_What the exercise asks_: From the records below, transcribe only the lines running from the one with "using l by (simp_all" through the one with "using \<open>0 < l\<close> by". Keep both of those end lines.

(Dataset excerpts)
○ ○ ○ ○
definition poa_ratios :: "real \<Rightarrow> real \<Rightarrow> real set" where
  "poa_ratios w1 w2 = {social_cost a b w1 w2 S1 S2 / opt_cost a b w1 w2 A1 A2 | R a b A1 A2 S1 S2.
      valid_game R a b A1 A2 \<and> opt_cost a b w1 w2 A1 A2 > 0 \<and> is_NE a b w1 w2 A1 A2 S1 S2}"

text \<open>Directed multigraph: arcs are naturals in E with tail function src and
  head function dst.\<close>
definition is_st_path :: "nat set \<Rightarrow> (nat \<Rightarrow> nat) \<Rightarrow> (nat \<Rightarrow> nat) \<Rightarrow> nat \<Rightarrow> nat \<Rightarrow> nat set \<Rightarrow> bool" where
  "is_st_path E src dst s t P \<longleftrightarrow> (\<exists>es vs. set es \<subseteq> E \<and> distinct es \<and> P = set es
      \<and> length vs = length es + 1 \<and> distinct vs \<and> vs ! 0 = s \<and> vs ! length es = t
      \<and> (\<forall>i<length es. src (es ! i) = vs ! i \<and> dst (es ! i) = vs ! (i + 1)))"

definition paths :: "nat set \<Rightarrow> (nat \<Rightarrow> nat) \<Rightarrow> (nat \<Rightarrow> nat) \<Rightarrow> nat \<Rightarrow> nat \<Rightarrow> nat set set" where
  "paths E src dst s t = {P. is_st_path E src dst s t P}"

definition network_ratios :: "real \<Rightarrow> real \<Rightarrow> real set" where
  "network_ratios w1 w2 = {social_cost a b w1 w2 S1 S2
        / opt_cost a b w1 w2 (paths E src dst s1 t1) (paths E src dst s2 t2)
      | E src dst s1 t1 s2 t2 a b S1 S2.
      valid_game E a b (paths E src dst s1 t1) (paths E src dst s2 t2)
      \<and> opt_cost a b w1 w2 (paths E src dst s1 t1) (paths E src dst s2 t2) > 0
      \<and> is_NE a b w1 w2 (paths E src dst s1 t1) (paths E src dst s2 t2) S1 S2}"

definition admissible_weights :: "real \<Rightarrow> real \<Rightarrow> bool" where
  "admissible_weights w1 w2 \<longleftrightarrow> w1 \<ge> 0 \<and> w2 \<ge> 0 \<and> w1 + w2 > 0"

definition poa_all :: "real set" where
  "poa_all = (\<Union>{poa_ratios w1 w2 | w1 w2. admissible_weights w1 w2})"

definition network_poa_all :: "real set" where
  "network_poa_all = (\<Union>{network_ratios w1 w2 | w1 w2. admissible_weights w1 w2})"

definition sup_is :: "real set \<Rightarrow> real \<Rightarrow> bool" where
  "sup_is S \<rho> \<longleftrightarrow> S \<noteq> {} \<and> bdd_above S \<and> Sup S = \<rho>"

end

theory Submission
  imports Defs
begin

text \<open>For \<open>w2 \<le> w1\<close> put \<open>Q = w1^2 + w1*w2 + w2^2\<close> and \<open>D = w1^3 + w1*w2^2 + w2^3\<close>.
  Adding player 1's equilibrium inequality with weight \<open>w1*Q\<close> and player 2's with weight \<open>D\<close>
  and checking the result resource by resource gives \<open>D * C(NE) \<le> (w1 + w2) * Q * C(OPT)\<close>;
  swapping the players covers \<open>w1 < w2\<close>. The ratio \<open>(w1 + w2) * Q / D\<close> is homogeneous
  and is maximised at \<open>w1 / w2 = l\<close>, the root near 1.2704 of \<open>2l^4 + 2l^3 - 2l^2 - 4l - 1\<close>,
  where it is about 2.0411. A network with two commodities on eight vertices and weights
  \<open>(l, 1)\<close> has an equilibrium attaining this ratio exactly.\<close>

lemma sum_as_restricted_sum:
  assumes "finite R" "S \<subseteq> R"
  shows "sum f S = (\<Sum>r\<in>R. if r \<in> S then f r else 0)"
  using sum.inter_restrict[OF assms(1), of f S] assms(2) by (simp add: Int_absorb1)

lemma cost1_eq_sum:
  assumes "finite R" "S1 \<subseteq> R"
  shows "cost1 a b w1 w2 S1 S2
    = (\<Sum>r\<in>R. (if r \<in> S1 then w1 else 0) * (a r + b r * load w1 w2 S1 S2 r))"
  unfolding cost1_def sum_as_restricted_sum[OF assms] sum_distrib_left
  by (rule sum.cong) simp_all

lemma cost2_eq_sum:
  assumes "finite R" "S2 \<subseteq> R"
  shows "cost2 a b w1 w2 S1 S2
    = (\<Sum>r\<in>R. (if r \<in> S2 then w2 else 0) * (a r + b r * load w1 w2 S1 S2 r))"
  unfolding cost2_def sum_as_restricted_sum[OF assms] sum_distrib_left
  by (rule sum.cong) simp_all

lemma social_cost_eq_sum:
  assumes "finite R" "S1 \<subseteq> R" "S2 \<subseteq> R"
  shows "social_cost a b w1 w2 S1 S2
    = (\<Sum>r\<in>R. load w1 w2 S1 S2 r * (a r + b r * load w1 w2 S1 S2 r))"
  unfolding social_cost_def cost1_eq_sum[OF assms(1,2)] cost2_eq_sum[OF assms(1,3)]
    sum.distrib[symmetric]
  by (rule sum.cong) (simp_all add: load_def distrib_right)

lemma resource_smoothness:
  fixes a b w1 w2 x1 x2 y1 y2 :: real
  assumes "0 \<le> a" "0 \<le> b" "0 \<le> w2" "w2 \<le> w1"
    and "x1 \<in> {0, w1}" "x2 \<in> {0, w2}" "y1 \<in> {0, w1}" "y2 \<in> {0, w2}"
  shows "(w1^3 + w1*w2^2 + w2^3) * ((x1 + x2) * (a + b * (x1 + x2)))
     + w1 * (w1^2 + w1*w2 + w2^2) * (y1 * (a + b * (y1 + x2)) - x1 * (a + b * (x1 + x2)))
     + (w1^3 + w1*w2^2 + w2^3) * (y2 * (a + b * (x1 + y2)) - x2 * (a + b * (x1 + x2)))
     \<le> (w1 + w2) * (w1^2 + w1*w2 + w2^2) * ((y1 + y2) * (a + b * (y1 + y2)))"
proof -
  define d where "d = w1 - w2"
  have "0 \<le> d" "w1 = w2 + d"
    using assms(4) by (simp_all add: d_def)
  \<comment> \<open>In each of the 16 cases the difference of the two sides is a polynomial in
    \<open>a, b, w2, d\<close> with nonnegative coefficients.\<close>
  then show ?thesis
    using assms by (auto simp: algebra_simps power2_eq_square power3_eq_cube
        intro!: add_nonneg_nonneg mult_nonneg_nonneg)
qed

lemma nash_social_cost_bound:
  assumes game: "valid_game R a b A1 A2" and NE: "is_NE a b w1 w2 A1 A2 S1 S2"
    and T: "T1 \<in> A1" "T2 \<in> A2" and w: "0 \<le> w2" "w2 \<le> w1"
  shows "(w1^3 + w1*w2^2 + w2^3) * social_cost a b w1 w2 S1 S2
     \<le> (w1 + w2) * (w1^2 + w1*w2 + w2^2) * social_cost a b w1 w2 T1 T2"
proof -
  define D where "D = w1^3 + w1*w2^2 + w2^3"
  define Q where "Q = w1^2 + w1*w2 + w2^2"
  have R: "finite R" "\<And>r. r \<in> R \<Longrightarrow> 0 \<le> a r \<and> 0 \<le> b r"
    using game by (auto simp: valid_game_def)
  have S: "S1 \<in> A1" "S2 \<in> A2"
    and dev1: "cost1 a b w1 w2 S1 S2 \<le> cost1 a b w1 w2 T1 S2"
    and dev2: "cost2 a b w1 w2 S1 S2 \<le> cost2 a b w1 w2 S1 T2"
    using NE T by (auto simp: is_NE_def)
  have sub: "S1 \<subseteq> R" "S2 \<subseteq> R" "T1 \<subseteq> R" "T2 \<subseteq> R"
    using game S T by (auto simp: valid_game_def)
  have "D * social_cost a b w1 w2 S1 S2
      \<le> D * social_cost a b w1 w2 S1 S2
        + w1 * Q * (cost1 a b w1 w2 T1 S2 - cost1 a b w1 w2 S1 S2)
        + D * (cost2 a b w1 w2 S1 T2 - cost2 a b w1 w2 S1 S2)"
    using dev1 dev2 w by (simp add: D_def Q_def)
  also have "\<dots> = (\<Sum>r\<in>R. D * (load w1 w2 S1 S2 r * (a r + b r * load w1 w2 S1 S2 r))
      + w1 * Q * ((if r \<in> T1 then w1 else 0) * (a r + b r * load w1 w2 T1 S2 r)
                 - (if r \<in> S1 then w1 else 0) * (a r + b r * load w1 w2 S1 S2 r))
      + D * ((if r \<in> T2 then w2 else 0) * (a r + b r * load w1 w2 S1 T2 r)
             - (if r \<in> S2 then w2 else 0) * (a r + b r * load w1 w2 S1 S2 r)))"
    unfolding social_cost_eq_sum[OF R(1) sub(1,2)] cost1_eq_sum[OF R(1) sub(1)]
      cost1_eq_sum[OF R(1) sub(3)] cost2_eq_sum[OF R(1) sub(2)] cost2_eq_sum[OF R(1) sub(4)]
    by (simp add: sum.distrib sum_subtractf sum_distrib_left right_diff_distrib)
  also have "\<dots> \<le> (\<Sum>r\<in>R. (w1 + w2) * Q * (load w1 w2 T1 T2 r * (a r + b r * load w1 w2 T1 T2 r)))"
    unfolding D_def Q_def load_def using R(2) w
    by (intro sum_mono resource_smoothness) auto
  also have "\<dots> = (w1 + w2) * Q * social_cost a b w1 w2 T1 T2"
    by (simp add: social_cost_eq_sum[OF R(1) sub(3,4)] sum_distrib_left)
  finally show ?thesis
    unfolding D_def Q_def .
qed

lemma load_swap: "load w2 w1 S2 S1 = load w1 w2 S1 S2"
  by (auto simp: load_def)

lemma cost_swap:
  "cost1 a b w2 w1 S2 S1 = cost2 a b w1 w2 S1 S2"
  "cost2 a b w2 w1 S2 S1 = cost1 a b w1 w2 S1 S2"
  by (simp_all add: cost1_def cost2_def load_swap)

lemma social_cost_swap: "social_cost a b w2 w1 S2 S1 = social_cost a b w1 w2 S1 S2"
  unfolding social_cost_def cost_swap[of a b w1 w2 S1 S2] by (rule add.commute)

lemma opt_cost_swap: "opt_cost a b w2 w1 A2 A1 = opt_cost a b w1 w2 A1 A2"
proof -
  have "{social_cost a b w2 w1 S2 S1 | S2 S1. S2 \<in> A2 \<and> S1 \<in> A1}
      = {social_cost a b w1 w2 S1 S2 | S1 S2. S1 \<in> A1 \<and> S2 \<in> A2}"
    by (metis (no_types, opaque_lifting) social_cost_swap)
  then show ?thesis
    by (simp add: opt_cost_def)
qed

lemma is_NE_swap: "is_NE a b w2 w1 A2 A1 S2 S1 = is_NE a b w1 w2 A1 A2 S1 S2"
  unfolding is_NE_def cost_swap[of a b w1 w2] by auto

lemma valid_game_swap: "valid_game R a b A2 A1 = valid_game R a b A1 A2"
  by (auto simp: valid_game_def)

lemma poa_ratios_swap: "poa_ratios w1 w2 \<subseteq> poa_ratios w2 w1"
proof
  fix x assume "x \<in> poa_ratios w1 w2"
  then obtain R a b A1 A2 S1 S2 where
    "x = social_cost a b w1 w2 S1 S2 / opt_cost a b w1 w2 A1 A2"
    "valid_game R a b A1 A2" "opt_cost a b w1 w2 A1 A2 > 0" "is_NE a b w1 w2 A1 A2 S1 S2"
    unfolding poa_ratios_def by blast
  then show "x \<in> poa_ratios w2 w1"
    unfolding poa_ratios_def
    by (intro CollectI exI[of _ R] exI[of _ a] exI[of _ b] exI[of _ A2] exI[of _ A1]
        exI[of _ S2] exI[of _ S1])
      (simp only: social_cost_swap opt_cost_swap is_NE_swap valid_game_swap)
qed

lemma opt_cost_attained:
  assumes "valid_game R a b A1 A2"
  obtains T1 T2 where "T1 \<in> A1" "T2 \<in> A2"
    "opt_cost a b w1 w2 A1 A2 = social_cost a b w1 w2 T1 T2"
proof -
  have costs: "{social_cost a b w1 w2 S1 S2 | S1 S2. S1 \<in> A1 \<and> S2 \<in> A2}
      = (\<lambda>(S1, S2). social_cost a b w1 w2 S1 S2) ` (A1 \<times> A2)"
    by auto
  have "finite (A1 \<times> A2)" "A1 \<times> A2 \<noteq> {}"
    using assms by (auto simp: valid_game_def)
  then have "opt_cost a b w1 w2 A1 A2 \<in> (\<lambda>(S1, S2). social_cost a b w1 w2 S1 S2) ` (A1 \<times> A2)"
    unfolding opt_cost_def costs by (intro Min_in) auto
  then show ?thesis
    using that by auto
qed

definition poa_bound :: "real \<Rightarrow> real \<Rightarrow> real" where
  "poa_bound w1 w2 = (w1 + w2) * (w1^2 + w1*w2 + w2^2) / (w1^3 + w1*w2^2 + w2^3)"

lemma poa_ratios_le_poa_bound:
  assumes w: "0 \<le> w2" "w2 \<le> w1" "0 < w1" and x: "x \<in> poa_ratios w1 w2"
  shows "x \<le> poa_bound w1 w2"
proof -
  obtain R a b A1 A2 S1 S2 where x_eq: "x = social_cost a b w1 w2 S1 S2 / opt_cost a b w1 w2 A1 A2"
    and game: "valid_game R a b A1 A2" and opt_pos: "opt_cost a b w1 w2 A1 A2 > 0"
    and NE: "is_NE a b w1 w2 A1 A2 S1 S2"
    using x unfolding poa_ratios_def by blast
  obtain T1 T2 where T: "T1 \<in> A1" "T2 \<in> A2"
    and opt: "opt_cost a b w1 w2 A1 A2 = social_cost a b w1 w2 T1 T2"
    using opt_cost_attained[OF game] .
  have "0 < w1^3 + w1*w2^2 + w2^3"
    using w by (simp add: add_pos_nonneg)
  with nash_social_cost_bound[OF game NE T w(1,2)]
  have "social_cost a b w1 w2 S1 S2 \<le> poa_bound w1 w2 * social_cost a b w1 w2 T1 T2"
    unfolding poa_bound_def by (simp add: field_simps)
  then show ?thesis
    using opt_pos unfolding x_eq opt by (simp add: divide_le_eq)
qed

text \<open>The quartic is, up to sign, the numerator of the derivative of \<open>\<lambda>l. poa_bound l 1\<close>.\<close>

definition critical_ratio :: "real \<Rightarrow> bool" where
  "critical_ratio l \<longleftrightarrow> 0 < l \<and> 2*l^4 + 2*l^3 - 2*l^2 - 4*l - 1 = 0"

lemma poa_bound_le_critical:
  fixes l w1 w2 :: real
  assumes l: "critical_ratio l" and w: "0 < w1" "0 \<le> w2"
  shows "poa_bound w1 w2 \<le> poa_bound l 1"
proof -
  have "0 < l" and quartic: "2*l^4 + 2*l^3 - 2*l^2 - 4*l - 1 = 0"
    using l by (simp_all add: critical_ratio_def)
  have "l * ((l + 1) * (l^2 + l + 1) * (w1^3 + w1*w2^2 + w2^3)
           - (l^3 + l + 1) * ((w1 + w2) * (w1^2 + w1*w2 + w2^2)))
      = (2*l + 1) * (w1 - l*w2)^2 * (l^2*w1 + w2)"
    using quartic by algebra
  also have "\<dots> \<ge> 0"
    using \<open>0 < l\<close> w by simp
  finally have "(l^3 + l + 1) * ((w1 + w2) * (w1^2 + w1*w2 + w2^2))
      \<le> (l + 1) * (l^2 + l + 1) * (w1^3 + w1*w2^2 + w2^3)"
    using \<open>0 < l\<close> by (simp add: zero_le_mult_iff)
  moreover have "0 < l^3 + l + 1" "0 < w1^3 + w1*w2^2 + w2^3"
    using \<open>0 < l\<close> w by (simp_all add: add_pos_pos add_pos_nonneg)
  ultimately show ?thesis
    by (simp add: poa_bound_def field_simps)
qed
○ ○ ○ ○
_Answer to this problem_:
    using l by (simp_all add: critical_ratio_def)
  have "l * ((l + 1) * (l^2 + l + 1) * (w1^3 + w1*w2^2 + w2^3)
           - (l^3 + l + 1) * ((w1 + w2) * (w1^2 + w1*w2 + w2^2)))
      = (2*l + 1) * (w1 - l*w2)^2 * (l^2*w1 + w2)"
    using quartic by algebra
  also have "\<dots> \<ge> 0"
    using \<open>0 < l\<close> w by simp
  finally have "(l^3 + l + 1) * ((w1 + w2) * (w1^2 + w1*w2 + w2^2))
      \<le> (l + 1) * (l^2 + l + 1) * (w1^3 + w1*w2^2 + w2^3)"
    using \<open>0 < l\<close> by (simp add: zero_le_mult_iff)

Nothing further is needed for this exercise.